Supercomputer analyzes web traffic across the entire internet

Modeling web traffic could aid cybersecurity, computing infrastructure design, Internet policy, and more.

Share

Understanding web traffic patterns at such a huge scale helps inform internet policy, distinguish and prevent outages, guarding against cyberattacks, and designing more efficient computing infrastructure.

A similar approach has been designed by MIT scientists in partnership with the Widely Integrated Distributed Environment (WIDE) project, founded by several Japanese universities, and the Center for Applied Internet Data Analysis (CAIDA), in California, using a supercomputing system. Scientists have developed a model that captures what web traffic looks like around the world on a given day. Scientists think that the model can be used as a measurement tool for internet research and many other applications.

By taking a massive network dataset, the model can generate statistical measurements about how all connections in the network affect each other. What’s more, the measures can help scientists determine insights about peer-to-peer filesharing, nefarious IP addresses, and spamming behavior, the distribution of attacks in critical sectors, and traffic bottlenecks to better allocate computing resources and keep data flowing.

Jeremy Kepner, a researcher at the MIT Lincoln Laboratory Supercomputing Center, said, “We built an accurate model for measuring the background of the virtual universe of the Internet. If you want to detect any variance or anomalies, you have to have a good model of the background.”
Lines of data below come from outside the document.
lemma FLO_iso_std_order:
  assumes "A \<in> FLO"
  shows "iso A (std_order (card (fst A)))"
proof -
  let ?U = "fst A" and ?R = "snd A" and ?N = "card (fst A)"
  have fin: "finite ?U" and irr: "irrefl ?R" and tot: "total_on ?U ?R"
    using assms by (auto simp: FLO_def strict_linear_order_on_def)
  have below: "rank A a < ?N" if "a \<in> ?U" for a
  proof -
    have "{b \<in> ?U. (b, a) \<in> ?R} \<subset> ?U" using that irr by (auto simp: irrefl_def)
    then show ?thesis unfolding rank_def using fin by (rule psubset_card_mono[rotated])
  qed
  have order: "(a, b) \<in> ?R \<longleftrightarrow> rank A a < rank A b" if "a \<in> ?U" "b \<in> ?U" for a b
    using that tot rank_less[OF assms] by (auto simp: total_on_def) (metis less_asym)
  have inj: "inj_on (rank A) ?U"
    by (rule inj_onI) (use tot rank_less[OF assms] in \<open>auto simp: total_on_def, metis less_irrefl\<close>)
  have "rank A ` ?U = {..<?N}"
    using below card_image[OF inj] by (intro card_subset_eq) auto
  then have "bij_betw (rank A) ?U {..<?N}" using inj by (simp add: bij_betw_def)
  then show ?thesis unfolding iso_def using order below by (auto simp: std_order_def)
qed

lemma FLO_iso_iff:
  assumes "A \<in> FLO" and "A' \<in> FLO"
  shows "iso A A' \<longleftrightarrow> card (fst A) = card (fst A')"
proof
  assume "card (fst A) = card (fst A')"
  then show "iso A A'"
    using FLO_iso_std_order[OF assms(1)] FLO_iso_std_order[OF assms(2)]
    by (metis iso_sym iso_trans)
qed (rule iso_card)

text \<open>The number coding a literal with polarity bit p, kind bit t (0 for equality, 1 for the
  relation) and constants a, b.\<close>

abbreviation lit_code :: "nat \<Rightarrow> nat \<Rightarrow> nat \<Rightarrow> nat \<Rightarrow> nat" where
  "lit_code p t a b \<equiv> prod_encode (p, prod_encode (t, prod_encode (a, b)))"

lemma enc_lit_code:
  "enc_lit (p, Eq a b) = lit_code (if p then 1 else 0) 0 a b"
  "enc_lit (p, Rel a b) = lit_code (if p then 1 else 0) 1 a b"
  by (simp_all add: enc_lit_def)

lemma inj_enc_lit: "inj enc_lit"
proof (rule injI)
  fix l l' :: literal
  assume "enc_lit l = enc_lit l'"
  moreover obtain p a p' a' where "l = (p, a)" "l' = (p', a')" by force
  moreover have "enc_atom a = enc_atom a' \<Longrightarrow> a = a'" by (cases a; cases a') auto
  ultimately show "l = l'" unfolding enc_lit_def by (auto split: if_splits)
qed

section \<open>FLO embeds into FUG: edgeless graphs\<close>

definition edgeless :: "(literal set \<times> literal) set" where
  "edgeless =
     {({(True, Eq a a)}, (True, Eq a a)) | a. True}
   \<union> {({(False, Eq a b)}, (False, Eq a b)) | a b. a \<noteq> b}
   \<union> {({(True, Eq a a)}, (False, Rel a a)) | a. True}
   \<union> {({(False, Eq a b)}, (False, Rel a b)) | a b. a \<noteq> b}"
(* Let $G$ be a checkerboard-colored graph cellularly embedded on the torus, with faces colored red and blue. Let $k_r$ and $k_b$ be the total number of red faces and of blue faces respectively. Suppose each vertex of $G$ is incident to an odd number of red faces and an odd number of blue faces. If $G$ contains an A-trail, then $k_r$ is odd or $k_b$ is odd.
   Context: A checkerboard coloring of an embedded graph is a proper 2-coloring (red/blue) of its faces, i.e. faces sharing an edge receive different colors. A transition at a vertex is a partition of its half-edges into pairs; it is smooth if it only pairs half-edges adjacent in the cyclic rotation at the vertex. An A-trail is an Eulerian circuit all of whose induced transitions (pairing consecutively traversed half-edges) are smooth. *)

theory Defs
  imports Main
begin

text \<open>Cellularly embedded graphs on orientable surfaces are represented combinatorially
by rotation systems (combinatorial maps): a finite set D of darts (half-edges),
a fixed-point-free involution alpha pairing the two half-edges of each edge, and a
permutation sigma of D giving the cyclic rotation of half-edges around each vertex.
Vertices are the sigma-orbits, edges the alpha-orbits, faces the orbits of sigma o alpha
(Heffter--Edmonds).  The surface is the torus iff the map is connected and
V - E + F = 0.\<close>

definition orb :: "('a \<Rightarrow> 'a) \<Rightarrow> 'a \<Rightarrow> 'a set" where
  "orb f x = {(f ^^ n) x | n. True}"

definition vertex_of :: "('a \<Rightarrow> 'a) \<Rightarrow> 'a \<Rightarrow> 'a set" where
  "vertex_of \<sigma> d = orb \<sigma> d"

definition face_of :: "('a \<Rightarrow> 'a) \<Rightarrow> ('a \<Rightarrow> 'a) \<Rightarrow> 'a \<Rightarrow> 'a set" where
  "face_of \<alpha> \<sigma> d = orb (\<sigma> \<circ> \<alpha>) d"

definition edge_of :: "('a \<Rightarrow> 'a) \<Rightarrow> 'a \<Rightarrow> 'a set" where
  "edge_of \<alpha> d = {d, \<alpha> d}"

definition vertices :: "'a set \<Rightarrow> ('a \<Rightarrow> 'a) \<Rightarrow> 'a set set" where
  "vertices D \<sigma> = vertex_of \<sigma> ` D"

definition edges :: "'a set \<Rightarrow> ('a \<Rightarrow> 'a) \<Rightarrow> 'a set set" where
  "edges D \<alpha> = edge_of \<alpha> ` D"

definition faces :: "'a set \<Rightarrow> ('a \<Rightarrow> 'a) \<Rightarrow> ('a \<Rightarrow> 'a) \<Rightarrow> 'a set set" where
  "faces D \<alpha> \<sigma> = face_of \<alpha> \<sigma> ` D"
lemma Omega_Fspace:
  assumes N: "N \<ge> 1" and f: "f \<in> Fspace N n"
  shows "Omega N n f =
    (\<Sum>k\<in>ucoeff_support N n f. lscale (ucoeff N n f k) (schur n (\<lambda>i. k i - ovec n i)))"
proof -
  define coef0 where "coef0 k = (if k \<in> decseqs n then ucoeff N n f k else 0)" for k
  have supp: "{k. coef0 k \<noteq> 0} = ucoeff_support N n f"
    by (auto simp: coef0_def ucoeff_support_def)
  let ?R = "\<lambda>coef. \<Sum>k | coef k \<noteq> 0. lscale (coef k) (schur n (\<lambda>i. k i - ovec n i))"
  let ?P = "\<lambda>coef. finite {k. coef k \<noteq> 0} \<and> {k. coef k \<noteq> 0} \<subseteq> decseqs n \<and>
      f = (\<lambda>c. \<Sum>k | coef k \<noteq> 0. lscale (coef k) (uhat N n k c))"
  have "?P coef0"
    unfolding supp
  proof (intro conjI)
    show "finite (ucoeff_support N n f)"
      using finite_ucoeff_support[OF N] f by (simp add: Fspace_def)
    show "ucoeff_support N n f \<subseteq> decseqs n"
      by (auto simp: ucoeff_support_def)
    show "f = (\<lambda>c. \<Sum>k\<in>ucoeff_support N n f. lscale (coef0 k) (uhat N n k c))"
      using Fspace_expansion[OF N f]
      by (auto simp: fun_eq_iff coef0_def ucoeff_support_def intro!: sum.cong)
  qed
  moreover have "coef = coef0" if "?P coef" for coef
  proof
    fix k0
    from that have fin: "finite {k. coef k \<noteq> 0}" and sub: "{k. coef k \<noteq> 0} \<subseteq> decseqs n"
      and eq: "f = (\<lambda>c. \<Sum>k | coef k \<noteq> 0. lscale (coef k) (uhat N n k c))" by blast+
    show "coef k0 = coef0 k0"
      using Fspace_coords_unique[OF N fin sub eq, of k0] sub by (auto simp: coef0_def)
  qed
  ultimately have "Omega N n f = ?R coef0"
    unfolding Omega_def by (intro the_equality) auto
  also have "\<dots> = (\<Sum>k\<in>ucoeff_support N n f. lscale (ucoeff N n f k) (schur n (\<lambda>i. k i - ovec n i)))"
    unfolding supp by (intro sum.cong) (auto simp: coef0_def ucoeff_support_def)
  finally show ?thesis .
qed

section \<open>The Vandermonde identity\<close>

definition xvar :: "nat \<Rightarrow> lpoly" where
  "xvar i = var_pow i 1"

definition vandermonde :: "nat \<Rightarrow> lpoly" where
  "vandermonde n = (\<Prod>(i, j)\<in>{(i, j). i < j \<and> j < n}. xvar i - xvar j)"

text \<open>\<open>subst_var i j\<close> substitutes \<open>x\<^sub>j\<close> for \<open>x\<^sub>i\<close>.\<close>

definition merge_exp :: "nat \<Rightarrow> nat \<Rightarrow> (nat \<Rightarrow>\<^sub>0 int) \<Rightarrow> (nat \<Rightarrow>\<^sub>0 int)" where
  "merge_exp i j a = a - Poly_Mapping.single i (Poly_Mapping.lookup a i) +
    Poly_Mapping.single j (Poly_Mapping.lookup a i)"

definition subst_var :: "nat \<Rightarrow> nat \<Rightarrow> lpoly \<Rightarrow> lpoly" where
  "subst_var i j = push_keys (merge_exp i j)"

interpretation subst_var: comm_ring_hom "subst_var i j" for i j
  unfolding subst_var_def
  by (rule comm_ring_hom_push_keys)
    (simp add: merge_exp_def lookup_add single_add algebra_simps)

lemma subst_var_var_pow: "subst_var i j (var_pow k e) = var_pow (if k = i then j else k) e"
  by (auto simp: subst_var_def var_pow_def merge_exp_def lookup_single when_def single_uminus)

lemma subst_var_xvar: "subst_var i j (xvar k) = xvar (if k = i then j else k)"
  by (simp add: xvar_def subst_var_var_pow)

lemma subst_var_Kswap: "i \<noteq> j \<Longrightarrow> subst_var i j (Kswap i j p) = subst_var i j p"
proof -
  assume "i \<noteq> j"
  then have "merge_exp i j \<circ> swap_exp i j = merge_exp i j"
    by (auto simp: fun_eq_iff poly_mapping_eq_iff merge_exp_def lookup_swap_exp lookup_add
        lookup_minus lookup_single when_def)
  then show ?thesis
    by (simp add: subst_var_def Kswap_eq_push_keys push_keys_comp)
qed

lemma subst_var_eq_0_if_antisym:
  assumes "Kswap i j p = - p" "i \<noteq> j"
  shows "subst_var i j p = 0"
  using subst_var_Kswap[OF assms(2), of p] assms(1) by (simp add: subst_var.hom_uminus)

lemma xvar_diff_dvd_power_diff: "(xvar i - xvar j) dvd (xvar i ^ m - xvar j ^ m)"
  by (cases m) (simp_all only: diff_power_eq_sum dvd_triv_left, simp)

lemma var_pow_nat: "var_pow i (int m) = xvar i ^ m"
  by (induction m) (simp_all add: xvar_def var_pow_add)

lemma xvar_diff_dvd_var_pow_diff: "(xvar i - xvar j) dvd (var_pow i e - var_pow j e)"
proof (cases "e \<ge> 0")
  case True
  then obtain m where "e = int m" by (metis nonneg_int_cases)
  then show ?thesis by (simp add: var_pow_nat xvar_diff_dvd_power_diff)
next
  case False
  then obtain m where e: "e = - int m" by (metis linorder_not_le neg_int_cases order_less_imp_le)
  have "var_pow i e - var_pow j e = var_pow i e * var_pow j e * - (xvar i ^ m - xvar j ^ m)"
    using var_pow_neg_mult[of i "int m"] var_pow_neg_mult[of j "int m"]
    by (simp add: e algebra_simps var_pow_nat flip: var_pow_nat)
  then show ?thesis
    by (metis dvd_minus_iff dvd_mult xvar_diff_dvd_power_diff)
qed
To develop this model, scientists primarily gathered the largest publicly available internet traffic dataset, which includes 50 billion data packets exchanged in different locations across the globe over a period of several years. Then they sent the data through a unique kind of neural network pipeline operating across 10,000 processors of the MIT SuperCloud. That pipeline automatically trained a model that captures the relationship for all links in the dataset — from common pings to giants like Google and Facebook, to rare links that only briefly connect yet seem to have some impact on web traffic.

Before training any model on the data, scientists were required to do much more research. For this, they used a software named Dynamic Distributed Dimensional Data Model (D4M), that uses some averaging techniques to efficiently compute and sort “hypersparse data” that contains far more space than data points.

The data was then broken into units with 100,000 packets across 10,000 MIT SuperCloud processors. This generated more compact matrices of billions of rows and columns of interactions between sources and destinations.

However, the vast majority of cells in this hypersparse dataset were still empty. To process the matrices, the team ran a neural network on the same 10,000 cores. Behind the scenes, a trial-and-error technique started fitting models to the entirety of the data, creating a probability distribution of potentially accurate models.

Scientists then ensured that the model could capture a massive amount of data using a modified error-correction technique to refine the parameters of each model further.

Kepner said, “In the end, the neural network essentially generates a simple model, with only two parameters, that describes the internet traffic dataset, from really popular nodes to isolated nodes, and the complete spectrum of everything in between.”

A paper describing the approach was presented at the recent IEEE High-Performance Extreme Computing Conference.